A Python package for asynchronously enhancing tabular files via APIs.

These details have not been verified by PyPI

Project description

Tabular-Enhancement-Tool

A Python package for asynchronously enhancing tabular files (CSV, Excel, TSV, TXT, Parquet) by calling external APIs for each row.

Why Tabular-Enhancement-Tool?

In modern data lake architectures, raw tabular data (e.g., event logs, daily exports, customer records) often arrives in formats like CSV, Excel, or TSV. To make this data actionable, it frequently needs to be enriched with information residing in other systems—such as CRM details, geolocation data, or legacy internal services—accessible only via REST APIs.

The Tabular-Enhancement-Tool (tet) is designed to streamline this enrichment process:

Multi-source enhancement: Fetches data from external JSON-based REST APIs or SQLAlchemy-compatible databases.
High Performance via Multi-threading: Instead of sequential processing, which can take hours for large files, this tool utilizes a thread pool to handle hundreds of rows concurrently.
Data Integrity and Precision: The tool instructs Pandas to treat all inputs as strings, ensuring that original data—like ZIP codes with leading zeros or numeric IDs—is retained exactly as it appeared in the source.
Append-Only Enhancement: Your original columns are never modified.
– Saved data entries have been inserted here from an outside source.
(* Let $f:\mathbb{N}_0^n\to[0,\infty)$ be subadditive, and extend it to $\mathbb{R}_0^n=[0,\infty)^n$ by $f(\boldsymbol r)=f(\lceil\boldsymbol r\rceil)$ (ceiling taken coordinatewise). Then for every $\boldsymbol r\in\mathbb{R}_0^n$ the limit $\hat f(\boldsymbol r)=\lim_{t\to\infty}f(t\boldsymbol r)/t$ (over real $t\to\infty$) exists and is finite, and $\hat f$ is positively homogeneous: $\hat f(\alpha\boldsymbol r)=\alpha\hat f(\boldsymbol r)$ for all $\alpha\ge0$.
   Context: A function $f:\mathbb{N}_0^n\to[0,\infty)$ is subadditive if $f(\boldsymbol k+\boldsymbol m)\le f(\boldsymbol k)+f(\boldsymbol m)$ for all $\boldsymbol k,\boldsymbol m\in\mathbb{N}_0^n$. *)

theory Defs
  imports "HOL-Analysis.Analysis"
begin

text \<open>Vectors in N_0^n and R^n are modelled as nat^'n and real^'n for a finite index type 'n.\<close>

definition subadditive :: "(nat^'n \<Rightarrow> real) \<Rightarrow> bool" where
  "subadditive f \<longleftrightarrow> (\<forall>k m. f (k + m) \<le> f k + f m)"

definition ceil_ext :: "(nat^'n \<Rightarrow> real) \<Rightarrow> real^'n \<Rightarrow> real" where
  "ceil_ext f r = f (\<chi> i. nat \<lceil>r $ i\<rceil>)"

definition fhat :: "(nat^'n \<Rightarrow> real) \<Rightarrow> real^'n \<Rightarrow> real" where
  "fhat f r = Lim at_top (\<lambda>t::real. ceil_ext f (t *\<^sub>R r) / t)"

end

theory Submission imports Defs begin

text \<open>
  Proof idea (a continuous-parameter variant of Fekete's lemma).  Write
  \<open>\<lceil>t r\<rceil>\<close> for the coordinatewise ceiling and \<open>h(t) = f(\<lceil>t r\<rceil>)/t\<close>.
  For real \<open>T, s \<ge> 1\<close> put \<open>c = s + 1/\<rho>\<close>, where \<open>\<rho>\<close> is the least positive
  coordinate of \<open>r\<close>, and \<open>q = \<lfloor>T/c\<rfloor>\<close>.  Then \<open>\<lceil>T r\<rceil> = q \<lceil>s r\<rceil> + m\<close> with a
  remainder \<open>m \<in> \<nat>\<^sub>0\<^sup>n\<close> whose coordinates are \<open>O(T/s + s)\<close>.  Subadditivity bounds
  \<open>f(q a + m) \<le> q f(a) + f(m)\<close> and \<open>f(m) \<le> f(0) + \<Sum>\<^sub>i m\<^sub>i f(e\<^sub>i)\<close>, which yields
  the approximate monotonicity \<open>h(T) \<le> h(s) + A/s + B(s)/T\<close>.
  A general real-analysis lemma turns this into convergence of \<open>h\<close> to
  \<open>inf\<^sub>s (h(s) + A/s)\<close>.  Homogeneity of the limit follows by the substitution
  \<open>t \<mapsto> \<alpha> t\<close> for \<open>\<alpha> > 0\<close>, and trivially for \<open>\<alpha> = 0\<close>.
\<close>

lemma subadditive_scale:
  fixes f :: "nat^'n \<Rightarrow> real"
  assumes "subadditive f"
  shows "f (q *s a + m) \<le> real q * f a + f m"
proof (induction q)
  case 0
  then show ?case by (simp add: vec_eq_iff)
next
  case (Suc q)
  have "Suc q *s a + m = a + (q *s a + m)" by (simp add: vec_eq_iff)
  then have "f (Suc q *s a + m) \<le> f a + f (q *s a + m)"
    using assms unfolding subadditive_def by metis
  then show ?case using Suc by (simp add: algebra_simps)
qed

lemma subadditive_linear_bound_on:
  fixes f :: "nat^'n \<Rightarrow> real"
  assumes "subadditive f" and "finite S"
  shows "f (\<chi> j. if j \<in> S then m$j else 0) \<le> f 0 + (\<Sum>i\<in>S. real (m$i) * f (axis i 1))"
  using assms(2)
proof (induction S rule: finite_induct)
  case empty
  then show ?case by (simp add: zero_vec_def)
next
  case (insert x S)
  have "f (\<chi> j. if j \<in> insert x S then m$j else 0)
        = f ((m$x) *s axis x 1 + (\<chi> j. if j \<in> S then m$j else 0))"
    using insert.hyps(2) by (auto simp: vec_eq_iff axis_def intro: arg_cong[where f = f])
  also have "\<dots> \<le> real (m$x) * f (axis x 1) + f (\<chi> j. if j \<in> S then m$j else 0)"
    by (rule subadditive_scale[OF assms(1)])
  also have "\<dots> \<le> real (m$x) * f (axis x 1) + (f 0 + (\<Sum>i\<in>S. real (m$i) * f (axis i 1)))"
    using insert.IH by simp
  also have "\<dots> = f 0 + (\<Sum>i\<in>insert x S. real (m$i) * f (axis i 1))"
    using insert.hyps by simp
  finally show ?case .
qed

lemma subadditive_uniform_bound:
  fixes f :: "nat^'n \<Rightarrow> real"
  assumes "subadditive f" and "\<And>k. f k \<ge> 0" and "\<And>i. real (m$i) \<le> M"
  shows "f m \<le> f 0 + M * (\<Sum>i\<in>UNIV. f (axis i 1))"
proof -
  have "f m \<le> f 0 + (\<Sum>i\<in>UNIV. real (m$i) * f (axis i 1))"
    using subadditive_linear_bound_on[OF assms(1), of UNIV m] by simp
  also have "(\<Sum>i\<in>UNIV. real (m$i) * f (axis i 1)) \<le> (\<Sum>i\<in>UNIV. M * f (axis i 1))"
    by (rule sum_mono) (simp add: assms(2,3) mult_right_mono)
  finally show ?thesis by (simp add: sum_distrib_left)
qed

definition ceil_vec :: "real \<Rightarrow> real^'n \<Rightarrow> nat^'n" where
  "ceil_vec t r = (\<chi> i. nat \<lceil>t * r$i\<rceil>)"

lemma ceil_ext_scaleR: "ceil_ext f (t *\<^sub>R r) = f (ceil_vec t r)"
  by (simp add: ceil_ext_def ceil_vec_def)

text \<open>One coordinate of the decomposition \<open>\<lceil>T v\<rceil> = q \<lceil>s v\<rceil> + m\<close> for \<open>v \<ge> \<rho>\<close>: with
  \<open>c = s + 1/\<rho>\<close> and \<open>q = \<lfloor>T/c\<rfloor>\<close> the remainder is nonnegative (because
  \<open>\<lceil>s v\<rceil> \<le> s v + 1 \<le> c v\<close>) and of size \<open>O(T/s + s)\<close>.\<close>
lemma ceiling_division_pos:
  fixes s T \<rho> v R :: real
  assumes s: "s \<ge> 1" and T: "T \<ge> 1" and rho: "\<rho> > 0" and rv: "\<rho> \<le> v" and vR: "v \<le> R"
  defines "c \<equiv> s + 1/\<rho>"
  defines "q \<equiv> nat \<lfloor>T/c\<rfloor>"
  shows "q * nat \<lceil>s * v\<rceil> \<le> nat \<lceil>T * v\<rceil>"
    and "real (nat \<lceil>T * v\<rceil> - q * nat \<lceil>s * v\<rceil>) \<le> T*R/(\<rho> * s) + 1 + s*R"
proof -
  have v: "v > 0" using rho rv by simp
  have cpos: "c > 0" "c \<ge> s" using s rho unfolding c_def by (simp_all add: add_pos_pos)
  have "real q = \<lfloor>T/c\<rfloor>" using cpos T unfolding q_def by simp
  then have q: "real q \<le> T/c" "T/c - 1 < real q" "real q \<ge> 0" by linarith+
  have sv: "s * v \<le> real (nat \<lceil>s * v\<rceil>)" "real (nat \<lceil>s * v\<rceil>) < s * v + 1"
    using s v by (simp_all, linarith+)
  have Tv: "T * v \<le> real (nat \<lceil>T * v\<rceil>)" "real (nat \<lceil>T * v\<rceil>) < T * v + 1"
    using T v by (simp_all, linarith+)
  have "s * v + 1 \<le> v * c" using rv rho by (simp add: c_def field_simps)
  then have "real q * real (nat \<lceil>s * v\<rceil>) \<le> (T/c) * (v * c)"
    using q sv by (intro mult_mono) auto
  also have "\<dots> = T * v" using cpos by simp
  finally have "real q * real (nat \<lceil>s * v\<rceil>) \<le> real (nat \<lceil>T * v\<rceil>)"
    using Tv(1) by linarith
  then show le: "q * nat \<lceil>s * v\<rceil> \<le> nat \<lceil>T * v\<rceil>"
    by (simp only: of_nat_mult[symmetric] of_nat_le_iff)
  have "real (nat \<lceil>T * v\<rceil> - q * nat \<lceil>s * v\<rceil>) = real (nat \<lceil>T * v\<rceil>) - real q * real (nat \<lceil>s * v\<rceil>)"
    using le by (simp add: of_nat_diff)
  also have "\<dots> \<le> T * v + 1 - (T/c - 1) * (s * v)"
    using Tv sv q s v by (smt (verit) mult_left_mono mult_right_mono zero_le_mult_iff)
  also have "\<dots> = T * v * (1 - s/c) + 1 + s * v"
    using cpos by (simp add: field_simps)
  also have "1 - s/c = (c - s)/c" using cpos by (simp add: diff_divide_distrib)
  also have "c - s = 1/\<rho>" by (simp add: c_def)
  also have "T * v * ((1/\<rho>)/c) = T * v / (\<rho> * c)" by simp
  also have "T * v / (\<rho> * c) + 1 + s * v \<le> T*R/(\<rho> * s) + 1 + s*R"
    using cpos T v vR rho s by (intro add_mono frac_le mult_mono) auto
  finally show "real (nat \<lceil>T * v\<rceil> - q * nat \<lceil>s * v\<rceil>) \<le> T*R/(\<rho> * s) + 1 + s*R" .
qed

lemma ceiling_division:
  fixes s T \<rho> v R :: real
  assumes s: "s \<ge> 1" and T: "T \<ge> 1" and rho: "\<rho> > 0" and v0: "v \<ge> 0"
    and vr: "v > 0 \<Longrightarrow> \<rho> \<le> v" and vR: "v \<le> R"
  defines "q \<equiv> nat \<lfloor>T/(s + 1/\<rho>)\<rfloor>"
  shows "q * nat \<lceil>s * v\<rceil> \<le> nat \<lceil>T * v\<rceil>"
    and "real (nat \<lceil>T * v\<rceil> - q * nat \<lceil>s * v\<rceil>) \<le> T*R/(\<rho> * s) + 1 + s*R"
proof -
  have "q * nat \<lceil>s * v\<rceil> \<le> nat \<lceil>T * v\<rceil>
      \<and> real (nat \<lceil>T * v\<rceil> - q * nat \<lceil>s * v\<rceil>) \<le> T*R/(\<rho> * s) + 1 + s*R"
  proof (cases "v = 0")
    case True
    then show ?thesis using s T rho vR by (simp add: zero_le_mult_iff)
  next
    case False
    with v0 vr have "\<rho> \<le> v" by simp
    from ceiling_division_pos[OF s T rho this vR] show ?thesis unfolding q_def by blast
  qed
  then show "q * nat \<lceil>s * v\<rceil> \<le> nat \<lceil>T * v\<rceil>"
    and "real (nat \<lceil>T * v\<rceil> - q * nat \<lceil>s * v\<rceil>) \<le> T*R/(\<rho> * s) + 1 + s*R" by blast+
qed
The responses are appended as new columns, allowing you to preserve the lineage of the raw data while adding new value.
Response Flattening: By default, the tool expands API/Database response objects into individual columns, making the data immediately available for analysis. For REST APIs, the tool automatically extracts the data field from the JSON response if present, focusing on the core payload. This behavior can be disabled if a single nested object is preferred.
Strict Order Preservation: Even with parallel execution, the output rows are guaranteed to match the order of the input file, making it safe for downstream processes that rely on stable indexing.
Flexible field mapping: Map DataFrame columns to API payload fields or database query filters.
HTTP GET and POST support: Choose the appropriate method for your API, with support for URL templating and query parameters.
REST API Authentication: Supports Basic Auth, Bearer Token, and API Key authentication schemes.
SQLAlchemy Integration: Supports any database with a SQLAlchemy dialect (PostgreSQL, MySQL, SQLite, Oracle, SQL Server, etc.).

Installation

You can install the package directly from the source directory:

pip install .

This will automatically install the required dependencies (pandas, requests, openpyxl) and provide the tabular-enhancer command.

Usage

Command Line Interface (CLI)

After installation, you can run the tool using the tabular-enhancer command:

tabular-enhancer input_data.csv \
    --api_url "https://api.example.com/process" \
    --mapping '{"api_field_1": "csv_column_a", "api_field_2": "csv_column_b"}' \
    --max_workers 10

Arguments:

input_file: Path to your CSV, Excel, TSV, TXT, or Parquet file.
--max_workers: (Optional) Number of concurrent threads (default: 5).
--no_flatten: (Optional) Do not expand response objects into individual columns.

API Options:

--api_url: The endpoint where the POST request will be sent.
--mapping: A JSON string mapping API payload keys to your file's column names. e.g. '{"api_field": "csv_column"}'.
--method: (Optional) HTTP method to use (POST or GET, default: POST).
--auth_type: (Optional) Authentication type (basic, bearer, or apikey).
--auth_user: (Optional) Username for basic auth.
--auth_pass: (Optional) Password for basic auth.
--auth_token: (Optional) Token for bearer or apikey auth.
--auth_header: (Optional) Custom header for apikey auth (default: X-API-Key).

SQLAlchemy Options:

--db_url: The SQLAlchemy connection URL to the target database.
--table_name: Name of the table to query for enhancement.
--mapping: A JSON list of column names in your file to be used as filters (WHERE clause) for the query. e.g. '["email_address"]'.

CLI Usage Examples:

# REST API Enhancement
tabular-enhancer input.csv \
    --api_url "https://api.example.com/process" \
    --mapping '{"user_id": "id"}'

# SQLAlchemy Database Enhancement
tabular-enhancer data.xlsx \
    --db_url "postgresql://user:pass@localhost/dbname" \
    --table_name "users" \
    --mapping '["email_address"]'

CLI Authentication Examples:

# Basic Auth
tabular-enhancer data.csv --api_url "..." --mapping '...' --auth_type basic --auth_user "admin" --auth_pass "secret"

# Bearer Token
tabular-enhancer data.csv --api_url "..." --mapping '...' --auth_type bearer --auth_token "your_token"

# API Key
tabular-enhancer data.csv --api_url "..." --mapping '...' --auth_type apikey --auth_token "your_api_key"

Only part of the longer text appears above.